To do: From the listing below, extract each line containing the string "cells".

Supplied information:
=== Begin Enclosure ===

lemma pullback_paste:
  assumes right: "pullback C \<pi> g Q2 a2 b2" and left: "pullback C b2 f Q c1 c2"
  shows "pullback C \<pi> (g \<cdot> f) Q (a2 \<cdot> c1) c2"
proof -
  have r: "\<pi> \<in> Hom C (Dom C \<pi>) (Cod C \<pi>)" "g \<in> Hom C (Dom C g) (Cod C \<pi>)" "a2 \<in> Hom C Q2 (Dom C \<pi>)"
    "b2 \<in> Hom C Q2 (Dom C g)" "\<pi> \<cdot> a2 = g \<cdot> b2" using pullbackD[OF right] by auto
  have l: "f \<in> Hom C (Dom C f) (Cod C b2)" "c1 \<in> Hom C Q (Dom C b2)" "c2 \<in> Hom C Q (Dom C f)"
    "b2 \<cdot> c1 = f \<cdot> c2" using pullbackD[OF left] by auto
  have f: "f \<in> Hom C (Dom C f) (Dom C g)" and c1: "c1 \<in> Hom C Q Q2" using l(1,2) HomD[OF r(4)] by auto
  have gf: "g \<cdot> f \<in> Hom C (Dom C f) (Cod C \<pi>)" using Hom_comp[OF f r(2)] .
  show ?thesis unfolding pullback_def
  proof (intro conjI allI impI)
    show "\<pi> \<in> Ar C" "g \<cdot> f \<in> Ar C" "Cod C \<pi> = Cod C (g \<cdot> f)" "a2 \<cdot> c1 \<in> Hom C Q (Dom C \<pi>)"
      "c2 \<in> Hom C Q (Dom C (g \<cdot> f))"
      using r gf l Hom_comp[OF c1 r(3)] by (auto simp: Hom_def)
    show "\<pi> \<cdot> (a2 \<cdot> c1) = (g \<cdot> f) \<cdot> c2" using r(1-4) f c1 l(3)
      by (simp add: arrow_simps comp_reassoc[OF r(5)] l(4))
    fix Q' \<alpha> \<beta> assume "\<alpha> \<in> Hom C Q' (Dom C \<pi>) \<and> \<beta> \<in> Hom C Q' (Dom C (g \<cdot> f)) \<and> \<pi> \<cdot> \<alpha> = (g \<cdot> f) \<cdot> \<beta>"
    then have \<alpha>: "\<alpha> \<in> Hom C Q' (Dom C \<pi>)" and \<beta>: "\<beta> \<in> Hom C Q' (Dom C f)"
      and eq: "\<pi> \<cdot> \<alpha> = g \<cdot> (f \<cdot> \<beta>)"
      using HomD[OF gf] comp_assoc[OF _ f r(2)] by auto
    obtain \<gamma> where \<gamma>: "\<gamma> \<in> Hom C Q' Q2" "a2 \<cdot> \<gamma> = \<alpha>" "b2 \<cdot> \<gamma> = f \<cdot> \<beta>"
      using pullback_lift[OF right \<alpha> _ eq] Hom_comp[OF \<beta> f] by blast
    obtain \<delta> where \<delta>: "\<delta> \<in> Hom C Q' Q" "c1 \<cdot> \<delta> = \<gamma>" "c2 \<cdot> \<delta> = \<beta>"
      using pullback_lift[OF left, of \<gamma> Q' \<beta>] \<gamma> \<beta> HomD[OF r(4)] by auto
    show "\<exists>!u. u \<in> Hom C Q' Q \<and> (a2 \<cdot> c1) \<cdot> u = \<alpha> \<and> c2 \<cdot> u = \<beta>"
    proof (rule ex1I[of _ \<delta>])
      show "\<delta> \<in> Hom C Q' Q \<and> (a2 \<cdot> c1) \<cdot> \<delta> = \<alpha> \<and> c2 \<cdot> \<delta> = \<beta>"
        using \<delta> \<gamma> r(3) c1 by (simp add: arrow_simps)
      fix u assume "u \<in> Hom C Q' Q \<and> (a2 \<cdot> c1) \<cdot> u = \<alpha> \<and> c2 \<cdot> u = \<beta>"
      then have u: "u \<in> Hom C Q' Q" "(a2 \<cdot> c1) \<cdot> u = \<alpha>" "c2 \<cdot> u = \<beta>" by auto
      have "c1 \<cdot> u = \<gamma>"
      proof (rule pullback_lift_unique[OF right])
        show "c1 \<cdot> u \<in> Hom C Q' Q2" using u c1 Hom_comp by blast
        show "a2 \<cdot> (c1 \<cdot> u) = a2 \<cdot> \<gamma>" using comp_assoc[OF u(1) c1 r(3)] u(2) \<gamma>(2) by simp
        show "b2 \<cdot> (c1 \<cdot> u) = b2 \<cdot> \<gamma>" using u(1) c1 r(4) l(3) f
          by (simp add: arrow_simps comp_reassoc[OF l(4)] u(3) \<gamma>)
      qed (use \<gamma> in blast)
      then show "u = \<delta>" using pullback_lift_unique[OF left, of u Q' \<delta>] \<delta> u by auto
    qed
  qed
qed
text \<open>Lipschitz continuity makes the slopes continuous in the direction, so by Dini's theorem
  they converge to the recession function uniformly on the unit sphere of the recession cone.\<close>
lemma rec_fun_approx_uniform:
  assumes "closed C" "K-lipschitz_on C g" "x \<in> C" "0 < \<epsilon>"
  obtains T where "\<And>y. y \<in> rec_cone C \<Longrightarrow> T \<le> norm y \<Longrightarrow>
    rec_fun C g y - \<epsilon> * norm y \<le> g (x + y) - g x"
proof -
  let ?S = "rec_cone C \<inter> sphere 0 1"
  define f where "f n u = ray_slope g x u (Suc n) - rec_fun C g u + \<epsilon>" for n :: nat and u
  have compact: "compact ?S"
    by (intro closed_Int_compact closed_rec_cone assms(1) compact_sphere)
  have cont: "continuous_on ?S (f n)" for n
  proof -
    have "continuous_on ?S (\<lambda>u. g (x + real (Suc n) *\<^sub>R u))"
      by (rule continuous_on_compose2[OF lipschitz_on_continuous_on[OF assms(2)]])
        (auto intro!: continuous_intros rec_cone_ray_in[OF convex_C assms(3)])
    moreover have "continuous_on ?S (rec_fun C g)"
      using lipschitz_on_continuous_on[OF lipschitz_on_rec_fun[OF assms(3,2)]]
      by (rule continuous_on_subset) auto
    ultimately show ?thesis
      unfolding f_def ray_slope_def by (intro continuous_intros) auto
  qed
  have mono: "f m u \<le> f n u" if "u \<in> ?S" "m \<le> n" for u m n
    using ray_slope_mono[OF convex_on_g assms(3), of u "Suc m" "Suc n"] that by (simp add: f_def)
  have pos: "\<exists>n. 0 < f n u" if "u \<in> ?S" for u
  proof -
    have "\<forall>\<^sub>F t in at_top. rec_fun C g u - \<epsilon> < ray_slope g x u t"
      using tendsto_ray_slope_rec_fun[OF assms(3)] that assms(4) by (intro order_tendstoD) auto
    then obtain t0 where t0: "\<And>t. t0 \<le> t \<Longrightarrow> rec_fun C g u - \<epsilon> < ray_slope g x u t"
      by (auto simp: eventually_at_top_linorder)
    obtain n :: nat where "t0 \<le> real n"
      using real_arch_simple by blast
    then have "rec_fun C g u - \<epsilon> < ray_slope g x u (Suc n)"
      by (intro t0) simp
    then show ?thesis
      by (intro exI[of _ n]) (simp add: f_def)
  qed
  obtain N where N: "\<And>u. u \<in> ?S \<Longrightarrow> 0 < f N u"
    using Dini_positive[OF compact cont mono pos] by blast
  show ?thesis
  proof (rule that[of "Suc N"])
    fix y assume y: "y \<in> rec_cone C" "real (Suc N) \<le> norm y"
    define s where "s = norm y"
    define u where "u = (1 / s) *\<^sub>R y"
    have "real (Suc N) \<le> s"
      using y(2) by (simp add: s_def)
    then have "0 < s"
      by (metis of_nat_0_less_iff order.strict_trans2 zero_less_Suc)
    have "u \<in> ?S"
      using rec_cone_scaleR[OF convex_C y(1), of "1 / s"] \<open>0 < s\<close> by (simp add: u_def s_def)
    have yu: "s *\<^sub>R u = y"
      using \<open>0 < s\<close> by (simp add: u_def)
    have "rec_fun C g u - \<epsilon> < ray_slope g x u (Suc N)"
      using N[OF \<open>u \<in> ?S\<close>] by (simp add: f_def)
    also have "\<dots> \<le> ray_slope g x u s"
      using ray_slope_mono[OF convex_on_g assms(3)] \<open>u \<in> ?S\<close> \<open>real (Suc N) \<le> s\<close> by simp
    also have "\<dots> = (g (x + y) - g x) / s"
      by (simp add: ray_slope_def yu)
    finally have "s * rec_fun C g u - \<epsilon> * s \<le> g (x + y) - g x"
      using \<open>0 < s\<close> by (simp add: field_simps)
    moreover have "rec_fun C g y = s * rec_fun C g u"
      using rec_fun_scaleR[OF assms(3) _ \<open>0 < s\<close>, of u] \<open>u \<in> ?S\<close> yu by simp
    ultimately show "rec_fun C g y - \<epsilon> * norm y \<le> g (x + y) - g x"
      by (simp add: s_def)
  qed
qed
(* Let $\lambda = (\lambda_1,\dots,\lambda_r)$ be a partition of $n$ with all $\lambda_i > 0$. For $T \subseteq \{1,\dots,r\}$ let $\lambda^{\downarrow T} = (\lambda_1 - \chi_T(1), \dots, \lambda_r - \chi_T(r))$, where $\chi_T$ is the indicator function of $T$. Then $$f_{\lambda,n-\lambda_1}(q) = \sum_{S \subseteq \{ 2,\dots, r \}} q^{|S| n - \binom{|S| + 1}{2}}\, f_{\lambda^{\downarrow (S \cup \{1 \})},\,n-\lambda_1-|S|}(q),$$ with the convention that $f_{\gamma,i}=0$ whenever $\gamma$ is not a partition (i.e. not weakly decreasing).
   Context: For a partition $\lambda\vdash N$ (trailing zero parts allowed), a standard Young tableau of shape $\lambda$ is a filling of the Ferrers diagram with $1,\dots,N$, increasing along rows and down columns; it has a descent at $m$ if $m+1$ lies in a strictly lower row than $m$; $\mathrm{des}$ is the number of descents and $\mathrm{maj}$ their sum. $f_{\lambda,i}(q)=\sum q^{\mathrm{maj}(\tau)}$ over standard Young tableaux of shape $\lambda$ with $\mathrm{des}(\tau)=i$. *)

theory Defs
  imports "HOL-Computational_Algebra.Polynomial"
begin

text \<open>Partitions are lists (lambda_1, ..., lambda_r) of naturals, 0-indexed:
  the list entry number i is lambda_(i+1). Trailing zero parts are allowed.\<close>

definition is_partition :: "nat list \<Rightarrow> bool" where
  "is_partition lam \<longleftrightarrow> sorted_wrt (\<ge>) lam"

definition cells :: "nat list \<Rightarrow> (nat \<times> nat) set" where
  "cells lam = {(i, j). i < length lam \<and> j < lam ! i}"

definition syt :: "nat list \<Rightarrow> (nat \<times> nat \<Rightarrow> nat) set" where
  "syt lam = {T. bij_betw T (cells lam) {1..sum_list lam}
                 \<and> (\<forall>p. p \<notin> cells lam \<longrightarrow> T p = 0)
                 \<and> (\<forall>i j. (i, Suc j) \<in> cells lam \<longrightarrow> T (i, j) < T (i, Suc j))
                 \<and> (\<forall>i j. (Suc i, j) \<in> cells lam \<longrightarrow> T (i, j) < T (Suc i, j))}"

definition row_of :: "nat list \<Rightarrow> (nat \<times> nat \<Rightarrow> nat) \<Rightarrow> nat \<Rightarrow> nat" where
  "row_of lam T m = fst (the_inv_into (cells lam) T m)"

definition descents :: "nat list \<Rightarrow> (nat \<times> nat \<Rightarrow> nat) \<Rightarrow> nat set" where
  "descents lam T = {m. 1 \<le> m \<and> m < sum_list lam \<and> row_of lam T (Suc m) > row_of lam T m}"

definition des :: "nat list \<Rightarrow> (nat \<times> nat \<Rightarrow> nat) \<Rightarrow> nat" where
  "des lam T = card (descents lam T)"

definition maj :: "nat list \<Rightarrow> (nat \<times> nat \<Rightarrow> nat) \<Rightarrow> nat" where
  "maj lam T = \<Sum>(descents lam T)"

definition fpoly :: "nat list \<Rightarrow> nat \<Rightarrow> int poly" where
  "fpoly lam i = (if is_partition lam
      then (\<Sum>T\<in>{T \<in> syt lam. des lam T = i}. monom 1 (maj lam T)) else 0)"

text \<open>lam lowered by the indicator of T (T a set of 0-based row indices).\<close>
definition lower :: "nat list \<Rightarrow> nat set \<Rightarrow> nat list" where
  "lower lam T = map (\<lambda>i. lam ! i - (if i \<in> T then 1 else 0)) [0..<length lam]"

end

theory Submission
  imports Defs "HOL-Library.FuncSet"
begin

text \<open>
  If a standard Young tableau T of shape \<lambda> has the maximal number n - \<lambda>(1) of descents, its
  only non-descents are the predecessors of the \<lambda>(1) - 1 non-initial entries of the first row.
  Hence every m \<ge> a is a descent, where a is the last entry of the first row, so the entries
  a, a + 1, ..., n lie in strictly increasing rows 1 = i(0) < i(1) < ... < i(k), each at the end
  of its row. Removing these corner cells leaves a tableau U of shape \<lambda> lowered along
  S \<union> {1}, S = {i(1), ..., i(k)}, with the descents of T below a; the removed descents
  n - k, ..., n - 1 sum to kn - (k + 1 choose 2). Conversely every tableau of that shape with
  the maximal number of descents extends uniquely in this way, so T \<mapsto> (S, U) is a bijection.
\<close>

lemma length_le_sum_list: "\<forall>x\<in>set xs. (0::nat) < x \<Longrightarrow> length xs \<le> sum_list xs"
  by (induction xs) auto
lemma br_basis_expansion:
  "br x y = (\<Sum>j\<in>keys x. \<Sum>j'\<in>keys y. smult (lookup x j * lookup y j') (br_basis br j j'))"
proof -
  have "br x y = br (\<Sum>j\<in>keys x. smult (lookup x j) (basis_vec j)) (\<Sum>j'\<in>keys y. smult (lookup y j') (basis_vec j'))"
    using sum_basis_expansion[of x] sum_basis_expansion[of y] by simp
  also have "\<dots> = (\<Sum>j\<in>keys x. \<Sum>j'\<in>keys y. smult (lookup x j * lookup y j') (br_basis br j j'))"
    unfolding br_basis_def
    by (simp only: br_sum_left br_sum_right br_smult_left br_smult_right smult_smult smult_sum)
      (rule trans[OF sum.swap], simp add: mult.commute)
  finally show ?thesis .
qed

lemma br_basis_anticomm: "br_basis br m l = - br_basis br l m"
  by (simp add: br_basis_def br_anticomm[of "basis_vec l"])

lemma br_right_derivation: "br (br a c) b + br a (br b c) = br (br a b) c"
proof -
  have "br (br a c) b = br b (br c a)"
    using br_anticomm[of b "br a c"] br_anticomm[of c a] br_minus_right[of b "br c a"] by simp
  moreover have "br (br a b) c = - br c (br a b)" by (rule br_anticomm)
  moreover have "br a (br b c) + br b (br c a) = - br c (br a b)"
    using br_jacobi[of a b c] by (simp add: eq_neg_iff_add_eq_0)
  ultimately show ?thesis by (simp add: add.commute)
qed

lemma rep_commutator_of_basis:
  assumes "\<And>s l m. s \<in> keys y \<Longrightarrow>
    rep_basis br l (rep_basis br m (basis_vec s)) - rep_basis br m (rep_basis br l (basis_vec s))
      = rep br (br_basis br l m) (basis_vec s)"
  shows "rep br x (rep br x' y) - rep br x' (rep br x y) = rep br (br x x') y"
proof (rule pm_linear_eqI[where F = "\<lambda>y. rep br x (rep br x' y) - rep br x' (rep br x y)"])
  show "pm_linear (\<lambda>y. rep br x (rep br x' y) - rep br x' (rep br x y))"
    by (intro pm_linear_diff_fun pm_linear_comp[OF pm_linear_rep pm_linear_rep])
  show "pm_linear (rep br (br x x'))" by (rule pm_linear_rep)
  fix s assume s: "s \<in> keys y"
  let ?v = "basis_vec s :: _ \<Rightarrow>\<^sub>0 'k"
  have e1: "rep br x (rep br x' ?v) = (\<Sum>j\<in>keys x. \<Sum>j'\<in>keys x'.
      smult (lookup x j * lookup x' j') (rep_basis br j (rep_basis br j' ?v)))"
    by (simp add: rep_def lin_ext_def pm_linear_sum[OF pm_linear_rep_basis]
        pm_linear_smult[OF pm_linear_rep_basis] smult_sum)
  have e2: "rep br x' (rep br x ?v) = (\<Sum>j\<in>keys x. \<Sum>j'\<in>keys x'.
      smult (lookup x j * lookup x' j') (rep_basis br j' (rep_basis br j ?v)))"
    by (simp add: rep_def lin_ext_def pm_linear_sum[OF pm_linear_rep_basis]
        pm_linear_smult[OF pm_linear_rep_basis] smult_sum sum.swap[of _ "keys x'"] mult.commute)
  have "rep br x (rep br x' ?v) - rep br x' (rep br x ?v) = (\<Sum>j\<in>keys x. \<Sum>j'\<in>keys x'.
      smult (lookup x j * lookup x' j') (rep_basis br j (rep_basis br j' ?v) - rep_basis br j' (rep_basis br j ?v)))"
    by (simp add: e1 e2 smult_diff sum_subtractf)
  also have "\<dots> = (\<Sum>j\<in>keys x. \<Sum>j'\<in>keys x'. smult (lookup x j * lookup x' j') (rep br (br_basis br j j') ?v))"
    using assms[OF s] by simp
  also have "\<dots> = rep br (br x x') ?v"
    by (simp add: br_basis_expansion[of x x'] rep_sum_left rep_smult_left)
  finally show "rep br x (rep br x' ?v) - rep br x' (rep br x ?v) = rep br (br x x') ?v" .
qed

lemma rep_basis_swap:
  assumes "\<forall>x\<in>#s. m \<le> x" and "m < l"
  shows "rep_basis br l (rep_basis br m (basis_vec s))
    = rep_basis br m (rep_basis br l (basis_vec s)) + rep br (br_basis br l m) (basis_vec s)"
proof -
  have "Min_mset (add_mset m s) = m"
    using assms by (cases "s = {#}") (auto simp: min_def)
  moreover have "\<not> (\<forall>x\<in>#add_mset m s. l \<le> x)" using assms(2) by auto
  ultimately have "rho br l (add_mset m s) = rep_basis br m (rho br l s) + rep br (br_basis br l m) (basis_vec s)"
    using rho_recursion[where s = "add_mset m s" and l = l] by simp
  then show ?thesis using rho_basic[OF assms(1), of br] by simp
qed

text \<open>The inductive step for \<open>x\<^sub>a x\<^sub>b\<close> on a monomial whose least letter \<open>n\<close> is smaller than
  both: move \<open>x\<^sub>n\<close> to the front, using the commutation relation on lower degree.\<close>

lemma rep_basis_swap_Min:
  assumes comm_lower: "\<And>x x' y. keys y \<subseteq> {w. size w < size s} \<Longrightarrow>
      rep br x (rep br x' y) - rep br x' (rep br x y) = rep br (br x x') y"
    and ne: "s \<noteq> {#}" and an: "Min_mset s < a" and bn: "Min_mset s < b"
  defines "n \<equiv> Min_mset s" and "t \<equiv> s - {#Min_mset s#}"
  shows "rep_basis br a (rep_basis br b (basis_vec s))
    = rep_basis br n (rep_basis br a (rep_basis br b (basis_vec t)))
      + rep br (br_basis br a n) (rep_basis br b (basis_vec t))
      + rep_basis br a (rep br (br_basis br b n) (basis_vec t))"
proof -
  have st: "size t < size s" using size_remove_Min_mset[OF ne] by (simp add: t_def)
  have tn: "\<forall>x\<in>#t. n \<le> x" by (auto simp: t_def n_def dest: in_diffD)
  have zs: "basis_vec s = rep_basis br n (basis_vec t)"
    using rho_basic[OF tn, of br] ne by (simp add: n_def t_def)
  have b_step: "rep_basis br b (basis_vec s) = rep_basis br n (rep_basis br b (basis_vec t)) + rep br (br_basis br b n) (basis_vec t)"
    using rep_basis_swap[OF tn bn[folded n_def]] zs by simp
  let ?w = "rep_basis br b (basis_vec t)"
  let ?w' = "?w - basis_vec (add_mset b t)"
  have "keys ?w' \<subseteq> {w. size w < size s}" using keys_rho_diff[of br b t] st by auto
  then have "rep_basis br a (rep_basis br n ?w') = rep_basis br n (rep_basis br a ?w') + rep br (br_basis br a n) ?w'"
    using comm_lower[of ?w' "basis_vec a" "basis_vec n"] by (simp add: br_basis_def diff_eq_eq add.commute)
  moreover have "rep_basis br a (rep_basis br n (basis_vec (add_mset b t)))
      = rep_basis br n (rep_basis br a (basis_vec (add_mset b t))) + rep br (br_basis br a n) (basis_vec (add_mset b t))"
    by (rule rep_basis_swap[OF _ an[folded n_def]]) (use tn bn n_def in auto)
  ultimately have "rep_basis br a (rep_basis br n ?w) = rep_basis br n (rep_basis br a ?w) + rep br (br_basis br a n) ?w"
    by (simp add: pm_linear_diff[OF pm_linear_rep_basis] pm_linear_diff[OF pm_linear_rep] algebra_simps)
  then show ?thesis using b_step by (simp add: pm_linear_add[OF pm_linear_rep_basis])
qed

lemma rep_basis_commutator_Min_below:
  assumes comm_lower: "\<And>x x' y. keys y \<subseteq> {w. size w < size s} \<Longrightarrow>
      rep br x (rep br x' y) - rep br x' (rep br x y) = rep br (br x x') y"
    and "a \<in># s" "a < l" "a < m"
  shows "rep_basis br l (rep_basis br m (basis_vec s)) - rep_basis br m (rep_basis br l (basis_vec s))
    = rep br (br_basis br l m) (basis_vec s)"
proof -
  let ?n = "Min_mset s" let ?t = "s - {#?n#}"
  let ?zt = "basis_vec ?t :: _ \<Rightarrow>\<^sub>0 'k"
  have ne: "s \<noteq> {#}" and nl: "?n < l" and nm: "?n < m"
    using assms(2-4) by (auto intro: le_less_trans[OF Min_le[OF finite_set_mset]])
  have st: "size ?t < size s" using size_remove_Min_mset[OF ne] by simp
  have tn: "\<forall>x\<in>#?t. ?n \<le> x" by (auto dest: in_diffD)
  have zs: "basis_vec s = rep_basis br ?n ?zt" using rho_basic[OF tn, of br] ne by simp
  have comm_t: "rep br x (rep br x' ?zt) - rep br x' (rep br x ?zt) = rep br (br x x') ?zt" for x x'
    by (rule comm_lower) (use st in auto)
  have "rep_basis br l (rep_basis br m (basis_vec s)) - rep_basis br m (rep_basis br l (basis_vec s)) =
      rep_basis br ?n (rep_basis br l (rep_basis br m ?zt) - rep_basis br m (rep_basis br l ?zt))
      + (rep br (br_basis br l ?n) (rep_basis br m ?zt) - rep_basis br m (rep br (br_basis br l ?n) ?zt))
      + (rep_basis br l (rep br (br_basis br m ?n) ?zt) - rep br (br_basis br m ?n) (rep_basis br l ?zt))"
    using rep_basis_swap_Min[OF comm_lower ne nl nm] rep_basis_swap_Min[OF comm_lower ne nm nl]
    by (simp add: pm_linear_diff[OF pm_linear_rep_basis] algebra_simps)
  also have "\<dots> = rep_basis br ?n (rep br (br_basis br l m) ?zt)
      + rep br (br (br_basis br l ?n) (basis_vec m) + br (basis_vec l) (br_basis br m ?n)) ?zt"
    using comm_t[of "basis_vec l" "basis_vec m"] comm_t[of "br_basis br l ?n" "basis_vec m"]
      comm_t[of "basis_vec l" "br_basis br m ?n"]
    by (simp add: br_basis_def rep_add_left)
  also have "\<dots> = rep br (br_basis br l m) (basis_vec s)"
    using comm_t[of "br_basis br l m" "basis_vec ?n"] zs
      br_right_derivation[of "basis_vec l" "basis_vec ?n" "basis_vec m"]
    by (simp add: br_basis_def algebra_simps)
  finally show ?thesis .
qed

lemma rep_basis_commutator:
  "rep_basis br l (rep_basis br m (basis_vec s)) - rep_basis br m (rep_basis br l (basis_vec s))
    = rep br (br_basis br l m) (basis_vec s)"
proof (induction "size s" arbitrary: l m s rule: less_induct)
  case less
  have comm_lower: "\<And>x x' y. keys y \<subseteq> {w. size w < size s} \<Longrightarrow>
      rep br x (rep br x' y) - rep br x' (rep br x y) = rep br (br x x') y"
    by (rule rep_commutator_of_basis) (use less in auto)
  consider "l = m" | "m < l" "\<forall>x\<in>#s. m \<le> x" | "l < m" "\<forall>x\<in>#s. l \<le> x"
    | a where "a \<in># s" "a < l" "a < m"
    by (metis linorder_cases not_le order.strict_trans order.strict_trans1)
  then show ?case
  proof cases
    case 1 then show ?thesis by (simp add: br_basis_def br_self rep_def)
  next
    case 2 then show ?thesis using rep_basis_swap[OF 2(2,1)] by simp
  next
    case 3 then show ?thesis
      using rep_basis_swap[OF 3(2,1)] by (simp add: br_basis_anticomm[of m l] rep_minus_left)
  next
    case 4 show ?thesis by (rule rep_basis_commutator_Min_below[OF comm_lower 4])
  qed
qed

=== End Enclosure ===

Solution for this exercise:
definition cells :: "nat list \<Rightarrow> (nat \<times> nat) set" where
  "cells lam = {(i, j). i < length lam \<and> j < lam ! i}"
  "syt lam = {T. bij_betw T (cells lam) {1..sum_list lam}
                 \<and> (\<forall>p. p \<notin> cells lam \<longrightarrow> T p = 0)
                 \<and> (\<forall>i j. (i, Suc j) \<in> cells lam \<longrightarrow> T (i, j) < T (i, Suc j))
                 \<and> (\<forall>i j. (Suc i, j) \<in> cells lam \<longrightarrow> T (i, j) < T (Suc i, j))}"
  "row_of lam T m = fst (the_inv_into (cells lam) T m)"
  of its row. Removing these corner cells leaves a tableau U of shape \<lambda> lowered along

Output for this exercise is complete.